KSA deports another 80 Bangladeshis
The Saudi authorities yesterday deported 80 more Bangladeshi migrants, bringing the total number of deportees close to 600 this month.
The migrants, including those having valid iqamas (residence permit), arrived at Hazrat Shahjalal International Airport on a Saudia Airlines flight around 3:30pm, said Tanvir Hossain, assistant director at the expatriates' welfare desk at the airport.
“Many of the returnees said they were detained and deported despite having iqamas,” Tanvir told this correspondent.
Al-Amin Gazi of Chandpur's Faridganj said he went to the Middle Eastern country in December last year spending Tk 6.5 lakh. However, his employer didn't arrange iqama for him.

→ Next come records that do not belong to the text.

(* Let $A=[a_{ij}]\in\{0,1\}^{N\times N}$ be the adjacency matrix of a static contact graph (with $a_{ii}=0$), let $\kappa>0$, $\beta_a\ge 0$, and let $H=(h_1,\dots,h_N):\mathbb{R}^N\to\mathbb{R}^N$ be the center manifold map of the SAIS system in the coordinates $(\mathbf p,\mathbf r)$ described in the context (in particular each component $h_j$ is nonnegative). Then the trajectories of the reduced system \[ \dot{\hat r}_i=-\kappa\Big(1+\frac{\beta_a}{\kappa}\Big)\hat r_i\sum_{j=1}^N a_{ij}h_j(\hat{\mathbf r}),\qquad i\in\{1,\dots,N\}, \] converge asymptotically to the set \[ \Omega=\Big\{\hat{\mathbf r}\in\mathbb{R}^N:\ \hat r_i\sum_{j=1}^N a_{ij}h_j(\hat{\mathbf r})=0\ \text{for all } i\Big\}. \]
   Context: Setting: the SAIS system $\dot p_i=\beta_0(1-p_i-q_i)\sum_j a_{ij}p_j+\beta_a q_i\sum_j a_{ij}p_j-\delta p_i$, $\dot q_i=\kappa(1-p_i-q_i)\sum_j a_{ij}p_j-\beta_a q_i\sum_j a_{ij}p_j$, with $\beta_0>0$, $\delta>0$, $\kappa>0$, $0\le\beta_a<\beta_0$, where $p_i,q_i$ are infection/alert probabilities and $a_{ij}=1$ iff $j$ is a neighbor of $i$. Define $r_i=q_i-\frac{1-p_i}{1+\beta_a/\kappa}$, $\mathbf p=(p_1,\dots,p_N)^T$, $\mathbf r=(r_1,\dots,r_N)^T$ and $\beta_{eq}=\beta_0\frac{\beta_a/\kappa}{1+\beta_a/\kappa}+\beta_a\frac{1}{1+\beta_a/\kappa}$. In these coordinates the system reads $\dot{\mathbf p}=(\beta_{eq}A-\delta I)\mathbf p+G_1(\mathbf p,\mathbf r)$, $\dot{\mathbf r}=G_2(\mathbf p,\mathbf r)$, where $G_1,G_2$ have components $g_{1,i}=-\{\beta_0+\frac{\beta_0+\beta_a}{1+\beta_a/\kappa}\}p_i\sum_j a_{ij}p_j-(\beta_0-\beta_a)r_i\sum_j a_{ij}p_j$ and $g_{2,i}=-\kappa(1+\frac{\beta_a}{\kappa})r_i\sum_j a_{ij}p_j$. When $\beta_{eq}A-\delta I$ is Hurwitz, center manifold theory gives a map $H$ with $H(\mathbf 0)=\mathbf 0$, $\nabla H(\mathbf 0)=\mathbf 0$ such that $\mathbf p=H(\mathbf r)$ is an invariant (center) manifold near the origin; since $p_i$ are probabilities, each $h_i$ is nonnegative. *)

theory Defs
  imports "HOL-Analysis.Analysis"
begin

text \<open>SAIS model on N nodes; nodes are indexed by a finite type 'n (N = CARD('n)),
  vectors in R^N are elements of real^'n.  The adjacency matrix is a :: 'n => 'n => real.\<close>

definition adjacency :: "('n::finite \<Rightarrow> 'n \<Rightarrow> real) \<Rightarrow> bool" where
  "adjacency a \<longleftrightarrow> (\<forall>i j. a i j = 0 \<or> a i j = 1) \<and> (\<forall>i. a i i = 0) \<and> (\<forall>i j. a i j = a j i)"

definition beta_eq :: "real \<Rightarrow> real \<Rightarrow> real \<Rightarrow> real" where
  "beta_eq b0 ba k = b0 * ((ba / k) / (1 + ba / k)) + ba * (1 / (1 + ba / k))"

definition lin_part :: "real \<Rightarrow> real \<Rightarrow> real \<Rightarrow> real \<Rightarrow> ('n::finite \<Rightarrow> 'n \<Rightarrow> real)
    \<Rightarrow> real^'n \<Rightarrow> real^'n" where
  "lin_part b0 ba k d a p = (\<chi> i. beta_eq b0 ba k * (\<Sum>j\<in>UNIV. a i j * p$j) - d * p$i)"

definition G1 :: "real \<Rightarrow> real \<Rightarrow> real \<Rightarrow> ('n::finite \<Rightarrow> 'n \<Rightarrow> real)
    \<Rightarrow> real^'n \<Rightarrow> real^'n \<Rightarrow> real^'n" where
  "G1 b0 ba k a p r = (\<chi> i. - (b0 + (b0 + ba) / (1 + ba / k)) * p$i * (\<Sum>j\<in>UNIV. a i j * p$j)
                          - (b0 - ba) * r$i * (\<Sum>j\<in>UNIV. a i j * p$j))"

definition G2 :: "real \<Rightarrow> real \<Rightarrow> ('n::finite \<Rightarrow> 'n \<Rightarrow> real)
    \<Rightarrow> real^'n \<Rightarrow> real^'n \<Rightarrow> real^'n" where
  "G2 ba k a p r = (\<chi> i. - k * (1 + ba / k) * r$i * (\<Sum>j\<in>UNIV. a i j * p$j))"

text \<open>H is a center manifold map of the SAIS system in (p,r) coordinates:
  H differentiable, H(0)=0, DH(0)=0, the graph p = H(r) is invariant near the origin
  (invariance equation DH(r)[G2(H r, r)] = (beta_eq A - delta I) H r + G1(H r, r)),
  and each component of H is nonnegative.\<close>
definition center_manifold_map :: "real \<Rightarrow> real \<Rightarrow> real \<Rightarrow> real \<Rightarrow> ('n::finite \<Rightarrow> 'n \<Rightarrow> real)
    \<Rightarrow> (real^'n \<Rightarrow> real^'n) \<Rightarrow> bool" where
  "center_manifold_map b0 ba k d a H \<longleftrightarrow>
     (\<exists>H'. (\<forall>x. (H has_derivative H' x) (at x))
        \<and> H 0 = 0 \<and> H' 0 = (\<lambda>_. 0)
        \<and> (\<exists>e>0. \<forall>r\<in>ball 0 e. H' r (G2 ba k a (H r) r) = lin_part b0 ba k d a (H r) + G1 b0 ba k a (H r) r))
     \<and> (\<forall>r j. H r $ j \<ge> 0)"

definition reduced_field :: "real \<Rightarrow> real \<Rightarrow> ('n::finite \<Rightarrow> 'n \<Rightarrow> real)
    \<Rightarrow> (real^'n \<Rightarrow> real^'n) \<Rightarrow> real^'n \<Rightarrow> real^'n" where
  "reduced_field ba k a H r = (\<chi> i. - k * (1 + ba / k) * r$i * (\<Sum>j\<in>UNIV. a i j * H r $ j))"

definition Omega_set :: "('n::finite \<Rightarrow> 'n \<Rightarrow> real) \<Rightarrow> (real^'n \<Rightarrow> real^'n) \<Rightarrow> (real^'n) set" where
  "Omega_set a H = {r. \<forall>i. r$i * (\<Sum>j\<in>UNIV. a i j * H r $ j) = 0}"

end

theory Submission
  imports Defs
begin

text \<open>Along the reduced flow the squared norm \<open>\<parallel>r\<parallel>\<^sup>2\<close> is a Lyapunov function: its derivative
  is \<open>-2(\<kappa> + \<beta>\<^sub>a) \<Sum>\<^sub>i r\<^sub>i\<^sup>2 \<Sum>\<^sub>j a\<^sub>i\<^sub>j h\<^sub>j(r)\<close>, which is \<open>\<le> 0\<close> because \<open>a\<^sub>i\<^sub>j, h\<^sub>j \<ge> 0\<close> and vanishes exactly
  on \<open>\<Omega>\<close>.  A LaSalle-type argument then applies: trajectories stay in a ball, move with bounded
  speed, so a trajectory that is far from \<open>\<Omega>\<close> at arbitrarily late times spends a time window
  of fixed length at distance at least half as large, and so each time dissipates a fixed amount of \<open>\<parallel>r\<parallel>\<^sup>2\<close>, contradicting the
  convergence of the nonincreasing function \<open>\<parallel>r(t)\<parallel>\<^sup>2\<close>.\<close>

lemma sqnorm_decrease_along_trajectory:
  fixes r :: "real \<Rightarrow> 'a::real_inner"
  assumes deriv: "\<And>t. t \<ge> 0 \<Longrightarrow> (r has_vector_derivative F (r t)) (at t within {0..})"
    and "0 \<le> \<alpha>" "\<alpha> \<le> \<beta>"
    and dissip: "\<And>\<tau>. \<tau> \<in> {\<alpha>..\<beta>} \<Longrightarrow> r \<tau> \<bullet> F (r \<tau>) \<le> - \<mu>"
  shows "(norm (r \<beta>))\<^sup>2 + 2 * \<mu> * (\<beta> - \<alpha>) \<le> (norm (r \<alpha>))\<^sup>2"
proof (cases "\<alpha> = \<beta>")
  case False
  then have lt: "\<alpha> < \<beta>" using \<open>\<alpha> \<le> \<beta>\<close> by simp
  define W where "W \<tau> = r \<tau> \<bullet> r \<tau> + 2 * \<mu> * \<tau>" for \<tau>
  have "\<exists>x\<in>{\<alpha><..<\<beta>}. W \<beta> - W \<alpha> =
      (\<lambda>h. r x \<bullet> (h *\<^sub>R F (r x)) + (h *\<^sub>R F (r x)) \<bullet> r x + 2 * \<mu> * h) (\<beta> - \<alpha>)"
  proof (rule mvt_simple[OF lt])
    fix x assume x: "\<alpha> \<le> x" "x \<le> \<beta>"
    have d: "(r has_derivative (\<lambda>h. h *\<^sub>R F (r x))) (at x within {\<alpha>..\<beta>})"
      using has_vector_derivative_within_subset[OF deriv[of x], of "{\<alpha>..\<beta>}"] x \<open>0 \<le> \<alpha>\<close>
      by (auto simp: has_vector_derivative_def)
    show "(W has_derivative (\<lambda>h. r x \<bullet> (h *\<^sub>R F (r x)) + (h *\<^sub>R F (r x)) \<bullet> r x + 2 * \<mu> * h))
        (at x within {\<alpha>..\<beta>})"
      unfolding W_def by (intro has_derivative_add[OF has_derivative_inner[OF d d]] derivative_eq_intros) auto
  qed
  then obtain x where x: "x \<in> {\<alpha><..<\<beta>}"
    and eq: "W \<beta> - W \<alpha> = (\<beta> - \<alpha>) * (2 * (r x \<bullet> F (r x)) + 2 * \<mu>)"
    by (auto simp: algebra_simps inner_commute)
  have "2 * (r x \<bullet> F (r x)) + 2 * \<mu> \<le> 0"
    using dissip[of x] x by simp
  then have "W \<beta> \<le> W \<alpha>"
    using eq mult_nonneg_nonpos[of "\<beta> - \<alpha>"] lt by fastforce
  then show ?thesis
    by (simp add: W_def power2_norm_eq_inner algebra_simps)
qed simp

lemma trajectory_dist_le:
  fixes r :: "real \<Rightarrow> 'a::real_normed_vector"
  assumes deriv: "\<And>t. t \<ge> 0 \<Longrightarrow> (r has_vector_derivative F (r t)) (at t within {0..})"
    and "0 \<le> t" "t \<le> \<tau>"
    and speed: "\<And>\<sigma>. \<sigma> \<in> {t..\<tau>} \<Longrightarrow> norm (F (r \<sigma>)) \<le> B"
  shows "norm (r \<tau> - r t) \<le> B * (\<tau> - t)"
proof -
  have "norm (r \<tau> - r t) \<le> B * norm (\<tau> - t)"
  proof (rule differentiable_bound[where S="{t..\<tau>}" and f'="\<lambda>x h. h *\<^sub>R F (r x)"])
    fix x assume x: "x \<in> {t..\<tau>}"
    show "(r has_derivative (\<lambda>h. h *\<^sub>R F (r x))) (at x within {t..\<tau>})"
      using has_vector_derivative_within_subset[OF deriv[of x], of "{t..\<tau>}"] x \<open>0 \<le> t\<close>
      by (auto simp: has_vector_derivative_def)
    have "onorm (\<lambda>h. h *\<^sub>R F (r x)) = onorm (\<lambda>h::real. h) * norm (F (r x))"
      by (rule onorm_scaleR_left) (rule bounded_linear_ident)
    then show "onorm (\<lambda>h. h *\<^sub>R F (r x)) \<le> B"
      using speed[OF x] by (simp add: onorm_id[unfolded id_def])
  qed (use assms in auto)
  then show ?thesis
    using \<open>t \<le> \<tau>\<close> by simp
qed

He said one of his relatives gave him Tk 1.5 lakh and with that money he secured an iqama. He could then work at a company as a construction worker for only one and a half months.
But police picked him up over a week ago as he stepped out of his home in Riyadh. He was sent to a detention centre in Dammam before being deported yesterday.
“I have returned broke. How will I recoup the money I have spent?” said a hapless Al-Amin.
Tanvir of the expatriates' welfare desk said some of the returnees overstayed their visas.
According to the desk, nearly 15,000 Bangladeshi migrants returned home from Saudi Arabia between January and August this year.
Tanvir, however, could not confirm how many of them had valid iqamas.
Some two million Bangladeshi migrants have been working in Saudi Arabia. The country has recently adopted a policy on recruiting more locals.
To make it happen, it has imposed levies on the companies hiring foreign workers and barred foreigners from taking up jobs in 12 types of businesses, including shops selling watches, optical materials, medical equipment, electrical and electronic products, car parts, building materials, carpets, and mobile phones.
Bangladesh embassy officials in Riyadh said the measures came as part of the Saudi government's economic and labour policy reforms to create more jobs for locals.
“The Saudi authorities are enforcing immigration laws in a more stringent way,” Golam Moshi, Bangladesh ambassador to the Kingdom, recently told this correspondent.
Recruiting agents said a good number of Bangladeshis went to Saudi Arabia on so-called “free visas”. Such visas are arranged by Saudi companies, but the migrants need to find their jobs themselves.
“This sort of arrangement is illegal. That's one of the reasons why people having iqamas are being deported,” said Abdul Alim, a recruiting agent.